Kenilworth Castle

Kenilworth Castle

Top Tourist Attractions

Kenilworth Castle, in the town of Kenilworth in Warwickshire, England, was founded during the Norman conquest of England; with development through to the Tudor period. The first castle was established in the 1120s by the royal chamberlain, Geoffrey de Clinton, who built most of the Norman keep.

Kenilworth Castle

Kenilworth Castle is a castle in the town of Kenilworth in Warwickshire, England which was founded during the Norman conquest of England.

A vast medieval fortress that endured a famous siege and later became an Elizabethan palace, Kenilworth Castle is among Britain’s biggest historical sites. Experience 900 years of history as you can marvel at the mighty medieval keep, climb the towers to admire the fantastic views, and imagine the majesty of the Great Hall.

Highlights:

It is thought that a castle has stood at Kenilworth in Warwickshire, since Saxon times. The original structure was likely destroyed during the wars between the Saxon King Edmund and Canute, King of the Danes.

The castle was presented to Kenilworth in 1958, on the 400th anniversary of the accession of Elizabeth I to the throne. At the heart of the latest restoration project is a new exhibition that tells the story of one of England’s most famous love stories – between Queen Elizabeth I and Sir Robert Dudley. It includes Dudley’s last letter to Elizabeth, written six days before his death in 1588, which she is said to have kept in a casket beside her bed until she died in 1603. Living history events take place at Kenilworth Castle throughout the year.

Tower Views

For the first time in 350 years, one can explore the full height of the tower built by Leicester to court Elizabeth I. Also, one can stand at floor level in the queen's private rooms and soak up the same spectacular views that she enjoyed.

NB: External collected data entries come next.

lemma TT_rT:
  assumes "t \<in> ExE"
  shows "rT rE t a \<in> ExE"
proof -
  have "p_action (rT rE t a) = rT rE (p_action t) a"
    by (simp add: p_action_def rT_def fun_eq_iff additive.sum[OF additive_rE]
        additive.zero[OF additive_rE] lE_rE_assoc)
  with assms show ?thesis by (simp add: TT_iff)
qed

lemma tens_TT: "x \<otimes> y \<in> ExE"
proof -
  have "(\<Sum>k<n. lE (p j k) (lE (phi k x) y)) = lE (phi j x) y" if "j < n" for j
    using additive.sum[OF additive_lE_left, of "\<lambda>k. p j k * phi k x" "{..<n}" y]
    by (simp add: lE_mult sum_p_phi[OF that])
  then show ?thesis unfolding TT_iff p_action_def tens_def by (auto simp: fun_eq_iff)
qed

lemma tens_add_left: "(x + x') \<otimes> y = x \<otimes> y + x' \<otimes> y"
  unfolding tens_def by (auto simp: phi_add lE_add_left)

lemma tens_add: "x \<otimes> (y + y') = x \<otimes> y + x \<otimes> y'"
  unfolding tens_def by (auto simp: lE_add)

lemma additive_tens: "additive (\<lambda>y. x \<otimes> y)" by unfold_locales (rule tens_add)

lemma tens_rE_right: "x \<otimes> rE y a = rT rE (x \<otimes> y) a"
  unfolding tens_def rT_def by (auto simp: lE_rE_assoc additive.zero[OF additive_rE])

lemma tens_lE_right: "v \<otimes> lE a y = rE v a \<otimes> y"
  unfolding tens_def by (auto simp: phi_rE lE_mult)

lemma central_lE: "v \<in> Z \<Longrightarrow> lE a v = rE v a"
  unfolding ZE_def by simp

lemma tens_rE_left_central: "y \<in> Z \<Longrightarrow> rE z a \<otimes> y = rT rE (z \<otimes> y) a"
  by (simp add: central_lE tens_lE_right[symmetric] tens_rE_right)
text \<open>For closed \<S>-convex F this set is a single point, the gate of a in F.\<close>

definition gates :: "'a set set \<Rightarrow> 'a \<Rightarrow> 'a set \<Rightarrow> 'a set" where
  "gates \<S> a F = {p \<in> F. \<forall>S\<in>\<S>. a \<in> S \<longrightarrow> S \<inter> F \<noteq> {} \<longrightarrow> p \<in> S}"

definition gate :: "'a set set \<Rightarrow> 'a \<Rightarrow> 'a set \<Rightarrow> 'a" where
  "gate \<S> a F = the_elem (gates \<S> a F)"

lemma gate_in_gates:
  assumes "gates \<S> a F \<noteq> {}" and "\<And>p q. p \<in> gates \<S> a F \<Longrightarrow> q \<in> gates \<S> a F \<Longrightarrow> p = q"
  shows "gate \<S> a F \<in> gates \<S> a F"
  unfolding gate_def using assms by (metis is_singletonI' is_singleton_the_elem singletonI)

lemma gates_nonempty:
  assumes "compact_space X" and subbase: "closed_subbase X \<S>" and binary: "binary_family \<S>"
    and F: "closedin X F" "F \<noteq> {}" "S_convex X \<S> F"
  shows "gates \<S> a F \<noteq> {}"
proof -
  define \<U> where "\<U> = insert F {S \<in> \<S>. a \<in> S \<and> S \<inter> F \<noteq> {}}"
  have "\<forall>C\<in>\<U>. closedin X C"
    unfolding \<U>_def using F(1) closedin_closed_subbase[OF subbase] by blast
  moreover have "\<Inter>\<V> \<noteq> {}" if "finite \<V>" "\<V> \<subseteq> \<U>" for \<V>
  proof -
    have "F \<inter> \<Inter>(\<V> - {F}) \<noteq> {}"
      by (rule S_convex_Int_Inter_linked_nonempty[OF binary closed_subbase_subset[OF subbase] F(2,3)])
        (use that in \<open>auto simp: \<U>_def linked_def\<close>)
    then show ?thesis
      by blast
  qed
  ultimately have "\<Inter>\<U> \<noteq> {}"
    using compact_space_fip[THEN iffD1, OF \<open>compact_space X\<close>, rule_format, of \<U>] by blast
  then show ?thesis
    unfolding gates_def \<U>_def by blast
qed

lemma gates_subsingleton:
  assumes subbase: "closed_subbase X \<S>" and binary: "binary_family \<S>"
    and normal: "normal_family X \<S>" and t1: "t1_space X"
    and a: "a \<in> topspace X" and F: "F \<subseteq> topspace X"
    and p: "p \<in> gates \<S> a F" and q: "q \<in> gates \<S> a F"
  shows "p = q"
proof (rule ccontr)
  assume "p \<noteq> q"
  have pq: "p \<in> F" "q \<in> F" "p \<in> topspace X" "q \<in> topspace X"
    using p q F unfolding gates_def by auto
  obtain T where T: "T \<in> \<S>" "q \<in> T" "p \<notin> T"
    using closed_subbase_separates_points[OF subbase t1 pq(3,4) \<open>p \<noteq> q\<close>] by blast
  then obtain T0 T1 where T01: "T0 \<in> \<S>" "T1 \<in> \<S>" "p \<notin> T1" "T0 \<inter> T = {}"
      "T0 \<union> T1 = topspace X"
    using binary_normal_closed_subbase_screen[OF subbase binary normal t1 pq(3) T(1,3)] by blast
  have "a \<in> T0 \<union> T1" "p \<in> T0 \<union> T1" "q \<in> T0 \<union> T1"
    using a pq(3,4) T01(5) by simp_all
  then consider "a \<in> T0" "p \<in> T0" | "a \<in> T1" "q \<in> T1"
    using T(2) T01(3,4) by blast
  then show False
  proof cases
    case 1
    then have "q \<in> T0"
      using q pq(1) T01(1) unfolding gates_def by blast
    then show False
      using T(2) T01(4) by blast
  next
    case 2
    then have "p \<in> T1"
      using p pq(2) T01(2) unfolding gates_def by blast
    then show False
      using T01(3) by blast
  qed
qed

context
  fixes X :: "'a topology" and Y :: "'b topology" and \<S> :: "'a set set"
    and f :: "'a \<Rightarrow> 'b" and a :: 'a
  assumes subbase: "closed_subbase X \<S>" and binary: "binary_family \<S>"
    and normal: "normal_family X \<S>" and t1: "t1_space X" and Hausdorff: "Hausdorff_space Y"
    and f: "continuous_map X Y f" "f ` topspace X = topspace Y"
    and f_convex: "S_convex_map X \<S> Y f" and f_open: "S_open_map X \<S> Y f"
    and a: "a \<in> topspace X"
begin

abbreviation fibre :: "'b \<Rightarrow> 'a set" where
  "fibre y \<equiv> {x \<in> topspace X. f x = y}"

Glimpse through the queen's private staircase and the long gallery where she could have private time with her most intimate friends. In 1575 these rooms were luxurious, elegant, and flooded with light from enormous glass windows.

Elizabethan Garden

Lost to the world for almost 400 years, this beautifully recreated Elizabethan Garden is a haven of peace and tranquillity, full of colour and fragrant walkways.

Approach through the loggia onto the terrace to start your tour, and for the best views over the garden and beyond. Then wander the pathways to discover the marble fountain, the ornate aviary, and the Earl of Leicester's emblem of the bear and ragged staff.

Leicester's Gatehouse

Visit the fascinating exhibition about the famous royal romance between the queen and her ambitious courtier, Robert Dudley. Built-in the 1570s, the imposing castle entrance was transformed into a private house after 1650. Today you can see how it looked when the last caretaker left in the late 1930s.

Explore the Elizabethan bedroom and Oak Room which contains a beautifully ornate alabaster fireplace that once stood in Elizabeth I's private rooms.

Castle And Its People

There are family-friendly displays in the interactive exhibition bringing Kenilworth's past to life. Housed in the magnificent Tudor stables, one can see how the castle has changed throughout its 900-year history, and what it looked like in its heyday.

Children can get hands-on with history as they try on dressing up in clothes. They can see, and touch, the mighty trebuchet balls which were hurled at Kenilworth Castle 800 years ago and have remained here ever since.

Castle Keep

The mighty keep, the heart of castle life for 500 years, was a defensive powerhouse, built three stories high with walls 14 feet wide. It is still a dominant feature of the castle today.

Great Hall

John of Gaunt's Great Hall was one of the finest of its kind and at the cutting edge of 14th-century architectural design.

Built to reinforce Kenilworth's position of power and wealth it played host to medieval monarchs and Tudor kings.

Stables Tearoom

The tearoom, within the magnificent Tudor timber-framed stables building, offers a delicious selection of cakes and light lunches, made from seasonal ingredients and sourced from local suppliers. Children's meals are also available.

It is a great place to visit as a part of English heritage. Not only are the grounds in remarkable condition, but there are lots of activities for the kids to explore.